The IMF also expects inflation in the Philippines to average 1.6 percent in 2025 and 2.6 percent in 2026.

The current account balance is projected to have a deficit of 3.8 percent of the Philippine gross domestic product in 2025 and a deficit of 3.5 percent of GDP in 2026. Unemployment is seen reaching 3.9 percent in both 2025 and 2026.

The IMF said the global economy is adjusting to a landscape reshaped by new policy measures. While some extremes of higher tariffs were tempered by subsequent deals and resets, the overall environment remains volatile, and temporary factors that supported activity in the first half of 2025—such as front-loading—are fading.

As a result, global growth projections in the latest WEO are revised upward relative to the April 2025 WEO but continue to mark a downward revision relative to the pre-policy-shift forecasts.

Global growth is projected to slow from 3.3 percent in 2024 to 3.2 percent in 2025 and 3.1 percent in 2026, with advanced economies growing around 1.5 percent and emerging market and developing economies just above 4.0 percent.

Inflation is projected to continue to decline globally, though with variation across countries: above target in the United States—with risks tilted to the upside—and subdued elsewhere.

The IMF said risks to the outlook are tilted to the downside, as they were in previous WEO reports. The IMF said that prolonged uncertainty, more protectionism and labor supply shocks could reduce growth, while fiscal vulnerabilities, potential financial market corrections and erosion of institutions could threaten stability.

It urged policymakers to restore confidence through credible, transparent, and sustainable policies. It said that trade diplomacy should be paired with macroeconomic adjustment, fiscal buffers should be rebuilt, central bank independence should be preserved and efforts on structural reforms should be redoubled.

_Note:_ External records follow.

text \<open>Comparison theorem: the identity of \<open>\<rat>\<close> lifts degree by degree, by projectivity.\<close>

lemma exists_chain_map:
  assumes tg: "topological_group G T"
    and O: "partial_resolution G T n Om actO d epsO" and L: "partial_resolution G T n La actL delta epsL"
  obtains \<alpha> where "chain_map_upto G (Suc n) Om actO d epsO La actL delta epsL \<alpha>"
proof -
  interpret O: partial_resolution G T n Om actO d epsO by (rule O)
  interpret L: partial_resolution G T n La actL delta epsL by (rule L)
  have "\<exists>\<alpha>. chain_map_upto G k Om actO d epsO La actL delta epsL \<alpha>" if "k \<le> Suc n" for k
    using that
  proof (induction k)
    case 0
    have "(\<lambda>u::unit. epsO x) \<in> (\<lambda>y u. epsL y) ` perm_module (La 0)" if "x \<in> perm_module (Om 0)" for x
      using L.aug_surj[of "epsO x"] by force
    then obtain \<alpha>0 where "perm_hom G (Om 0) (actO 0) (La 0) (actL 0) \<alpha>0"
      "\<And>x. x \<in> perm_module (Om 0) \<Longrightarrow> (\<lambda>u::unit. epsL (\<alpha>0 x)) = (\<lambda>u. epsO x)"
      using perm_hom_lift[OF tg O.proper L.proper aug_hom_imp_perm_hom[OF L.aug]
          aug_hom_imp_perm_hom[OF O.aug]] by auto
    then have "chain_map_upto G 0 Om actO d epsO La actL delta epsL (\<lambda>_. \<alpha>0)"
      unfolding chain_map_upto_def by (auto dest: fun_cong)
    then show ?case by blast
  next
    case (Suc k)
    then have k: "k \<le> n" by simp
    from Suc obtain \<alpha> where \<alpha>: "chain_map_upto G k Om actO d epsO La actL delta epsL \<alpha>" by auto
    have \<alpha>k: "perm_hom G (Om k) (actO k) (La k) (actL k) (\<alpha> k)"
      using \<alpha> unfolding chain_map_upto_def by auto
    have "\<alpha> k (d (Suc k) x) \<in> delta (Suc k) ` perm_module (La (Suc k))"
      if "x \<in> perm_module (Om (Suc k))" for x
      using chain_map_kernel[OF \<alpha> order_refl O.boundary_in_kernel[OF k that]] L.kernel_eq_image[OF k]
      by simp
    then obtain \<beta> where \<beta>: "perm_hom G (Om (Suc k)) (actO (Suc k)) (La (Suc k)) (actL (Suc k)) \<beta>"
      "\<And>x. x \<in> perm_module (Om (Suc k)) \<Longrightarrow> delta (Suc k) (\<beta> x) = \<alpha> k (d (Suc k) x)"
      using perm_hom_lift[OF tg O.proper L.proper L.d_hom[OF k] perm_hom_comp[OF O.d_hom[OF k] \<alpha>k]]
        Suc.prems by auto
    have "chain_map_upto G (Suc k) Om actO d epsO La actL delta epsL (\<alpha>(Suc k := \<beta>))"
      using \<alpha> \<beta> unfolding chain_map_upto_def by (auto simp: le_Suc_eq)
    then show ?case by blast
  qed
  then show thesis using that by blast
qed

definition chain_homotopy_upto :: "('g, 'm) monoid_scheme \<Rightarrow> nat \<Rightarrow> (nat \<Rightarrow> 'w set) \<Rightarrow>
    (nat \<Rightarrow> 'g \<Rightarrow> 'w \<Rightarrow> 'w) \<Rightarrow> (nat \<Rightarrow> ('w \<Rightarrow> rat) \<Rightarrow> ('w \<Rightarrow> rat)) \<Rightarrow>
    (nat \<Rightarrow> ('w \<Rightarrow> rat) \<Rightarrow> ('w \<Rightarrow> rat)) \<Rightarrow> (nat \<Rightarrow> ('w \<Rightarrow> rat) \<Rightarrow> ('w \<Rightarrow> rat)) \<Rightarrow> bool" where
  "chain_homotopy_upto G k Om act d \<gamma> h \<longleftrightarrow>
     (\<forall>i\<le>k. perm_hom G (Om i) (act i) (Om (Suc i)) (act (Suc i)) (h i)) \<and>
     (\<forall>x\<in>perm_module (Om 0). d 1 (h 0 x) = (\<lambda>v. x v - \<gamma> 0 x v)) \<and>
     (\<forall>i\<in>{1..k}. \<forall>x\<in>perm_module (Om i).
        d (Suc i) (h i x) = (\<lambda>v. x v - \<gamma> i x v - h (i - 1) (d i x) v))"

“Global growth is projected to slow from 3.3 percent in 2024 to 3.2 percent in 2025 and to 3.1 percent in 2026. This is an improvement relative to the July WEO Update—but cumulatively 0.2 percentage point below forecasts made before the policy shifts in the October 2024 WEO, with the slowdown reflecting headwinds from uncertainty and protectionism, even though the tariff shock is smaller than originally announced,” the IMF said.

World trade volume is forecast to grow at an average rate of 2.9 percent in 2025-2026—boosted by front-loading in 2025 yet still much slower than the 3.5 percent growth rate in 2024—with persistent trade fragmentation limiting gains, it said.